Color Image Segmentation Using Watershed-Based Automatic Seed Selection for Region Growing

Resource Overview

Color image segmentation implementing region growing with automatically selected seeds via watershed algorithm

Detailed Documentation

Color image segmentation serves as a fundamental task in computer vision and image processing, where combining watershed algorithm with region growing methodology significantly enhances segmentation accuracy. The watershed algorithm is commonly employed for image segmentation but suffers from sensitivity to noise and tendency for over-segmentation, leading to suboptimal results when applied directly. Meanwhile, region growing algorithms depend heavily on initial seed selection, where manual seed point identification proves inefficient and unsuitable for automated scenarios.

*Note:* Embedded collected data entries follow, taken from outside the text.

lemma has_derivative_dir_deriv:
  fixes g :: "real^'n::finite \<Rightarrow> real"
  assumes hp: "has_partials g" and cont: "\<And>i. continuous_on UNIV (partial_deriv i g)"
  shows "(g has_derivative dir_deriv g x) (at x)"
  unfolding has_derivative_at_alt
proof (intro conjI allI impI)
  show "bounded_linear (dir_deriv g x)"
    unfolding dir_deriv_def
    by (intro bounded_linear_sum bounded_linear_compose[OF bounded_linear_mult_left bounded_linear_vec_nth])
  fix e :: real assume "e > 0"
  define \<epsilon> where "\<epsilon> = e / real CARD('n)"
  have "\<epsilon> > 0" using \<open>e > 0\<close> by (simp add: \<epsilon>_def)
  have "\<forall>\<^sub>F y in nhds x. dist (partial_deriv i g y) (partial_deriv i g x) < \<epsilon>" for i
    using cont[of i] \<open>\<epsilon> > 0\<close>
    by (intro tendstoD) (simp add: continuous_on_eq_continuous_at isCont_def tendsto_at_iff_tendsto_nhds[symmetric])
  then have "\<forall>\<^sub>F y in nhds x. \<forall>i. dist (partial_deriv i g y) (partial_deriv i g x) < \<epsilon>"
    by (simp add: eventually_all_finite)
  then obtain d where "d > 0" and close: "\<And>y i. dist y x < d \<Longrightarrow> \<bar>partial_deriv i g y - partial_deriv i g x\<bar> \<le> \<epsilon>"
    unfolding eventually_nhds_metric dist_real_def by (meson less_imp_le)
  show "\<exists>d>0. \<forall>y. norm (y - x) < d \<longrightarrow> norm (g y - g x - dir_deriv g x (y - x)) \<le> e * norm (y - x)"
  proof (intro exI[of _ d] conjI allI impI \<open>d > 0\<close>)
    fix y assume "norm (y - x) < d"
    then have "\<bar>g y - g x - dir_deriv g x (y - x)\<bar> \<le> \<epsilon> * (\<Sum>i\<in>UNIV. \<bar>(y - x)$i\<bar>)"
      using abs_increment_minus_dir_deriv_le[OF hp close, where h = "y - x"] by simp
    also have "\<dots> \<le> \<epsilon> * (\<Sum>i\<in>(UNIV::'n set). norm (y - x))"
      using \<open>\<epsilon> > 0\<close> component_le_norm_cart[of "y - x"] by (intro mult_left_mono sum_mono) auto
    also have "\<dots> = e * norm (y - x)" by (simp add: \<epsilon>_def)
    finally show "norm (g y - g x - dir_deriv g x (y - x)) \<le> e * norm (y - x)" by simp
  qed
qed
(* Let $\Gamma=(V,E)$ be a graph, for each $v\in V$ let $C_v$ be a left LCM monoid, and let $C=\Gamma_{v\in V}C_v$. If $x,y\in C_v$ for some $v\in V$, then $C_vx\cap C_vy=\emptyset$ if and only if $Cx\cap Cy=\emptyset$. Moreover, if $C_vx\cap C_vy=C_vz$ with $z\in C_v$, then $Cx\cap Cy=Cz$.
   Context: A graph $\Gamma=(V,E)$ has vertex set $V$ and irreflexive symmetric edge relation $E$. The graph product $\Gamma_{v\in V}C_v$ of pairwise disjoint monoids $C_v$ is the quotient of their free product by the congruence generated by all $(mn,nm)$ with $m\in C_u$, $n\in C_v$, $(u,v)\in E$; each $C_v$ is identified with its image in $C$. A left LCM monoid is a right cancellative monoid in which the intersection of any two principal left ideals is empty or principal. *)

theory Defs
  imports "HOL-Algebra.Group"
begin

definition is_graph :: "'v set \<Rightarrow> ('v \<Rightarrow> 'v \<Rightarrow> bool) \<Rightarrow> bool" where
  "is_graph V E \<longleftrightarrow> (\<forall>u v. E u v \<longrightarrow> u \<in> V \<and> v \<in> V) \<and>
     (\<forall>u v. E u v \<longrightarrow> E v u) \<and> (\<forall>v. \<not> E v v)"

definition lideal :: "('a, 'b) monoid_scheme \<Rightarrow> 'a \<Rightarrow> 'a set" where
  "lideal M x = {c \<otimes>\<^bsub>M\<^esub> x | c. c \<in> carrier M}"
definition martin_step :: "nat \<Rightarrow> bool list \<Rightarrow> bool list" where
  "martin_step n x =
     (if all_distinct_windows n (x @ [False]) then x @ [False]
      else if all_distinct_windows n (x @ [True]) then x @ [True]
      else x)"

(* Every append creates a new distinct
   length-n substring, so at most 2^n appends are possible; hence after 2^n
   iterations of martin_step the algorithm has stopped (fixed point reached). *)
definition martin :: "nat \<Rightarrow> bool list" where
  "martin n = (martin_step n ^^ (2 ^ n)) (replicate (n - 1) True)"

definition db :: "nat \<Rightarrow> bool list" where
  "db n = drop (n - 1) (martin n)"

definition db_rot :: "nat \<Rightarrow> nat \<Rightarrow> bool list" where
  "db_rot n i = drop i (db n) @ take i (db n)"

definition two_exp :: "nat \<Rightarrow> nat" where
  "two_exp n = multiplicity (2::nat) n"

definition odd_part :: "nat \<Rightarrow> nat" where
  "odd_part n = n div 2 ^ two_exp n"

definition B_blk :: "nat \<Rightarrow> nat \<Rightarrow> bool list" where
  "B_blk n i = concat (replicate (odd_part n) (db_rot n i))"

definition S_blk :: "nat \<Rightarrow> bool list" where
  "S_blk n = concat (map (B_blk n) [0..<2 ^ two_exp n])"

definition S_prefix :: "nat \<Rightarrow> bool list" where
  "S_prefix n = concat (map S_blk [1..<n])"

definition occurrences :: "bool list \<Rightarrow> bool list \<Rightarrow> nat set" where
  "occurrences w x = {i. i + length w \<le> length x \<and> take (length w) (drop i x) = w}"

definition occurs :: "bool list \<Rightarrow> bool list \<Rightarrow> bool" where
  "occurs w x \<longleftrightarrow> occurrences w x \<noteq> {}"

definition ppm_contexts :: "bool list \<Rightarrow> bool list set" where
  "ppm_contexts x = {[]} \<union>
     {w @ [b] | w b. card (occurrences w x) \<ge> 2 \<and> (\<exists>c. occurs (w @ [b, c]) x)}"

end

theory Submission
  imports Defs
begin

To address these challenges, an optimized strategy involves using watershed algorithm for automatic seed point selection followed by region growing for segmentation. The watershed algorithm initially computes image gradients and simulates a "flooding" process on the gradient image to automatically detect potential boundaries and regions. The regional minima points identified through this process can serve as initial seeds for region growing, eliminating the tedious manual selection process. Implementation typically involves using functions like watershed() after gradient calculation with operators such as Sobel or morphological gradients.

For color images, conversion to appropriate color spaces like Lab or HSV better handles color variations. The region growing algorithm then progressively expands pixels around seed points based on criteria including color similarity and spatial proximity, forming final segmentation regions. In code implementation, this involves establishing similarity thresholds and connectivity rules (4-connected or 8-connected neighborhoods) while using queue-based or recursive approaches for pixel aggregation. This methodology not only mitigates over-segmentation issues inherent in traditional watershed algorithms but also adaptively selects optimal growth starting points, enhancing segmentation robustness.

In summary, the integrated approach combining watershed-based automatic seed selection with region growing effectively balances automation level and segmentation precision, making it particularly suitable for color image processing tasks in natural scenes.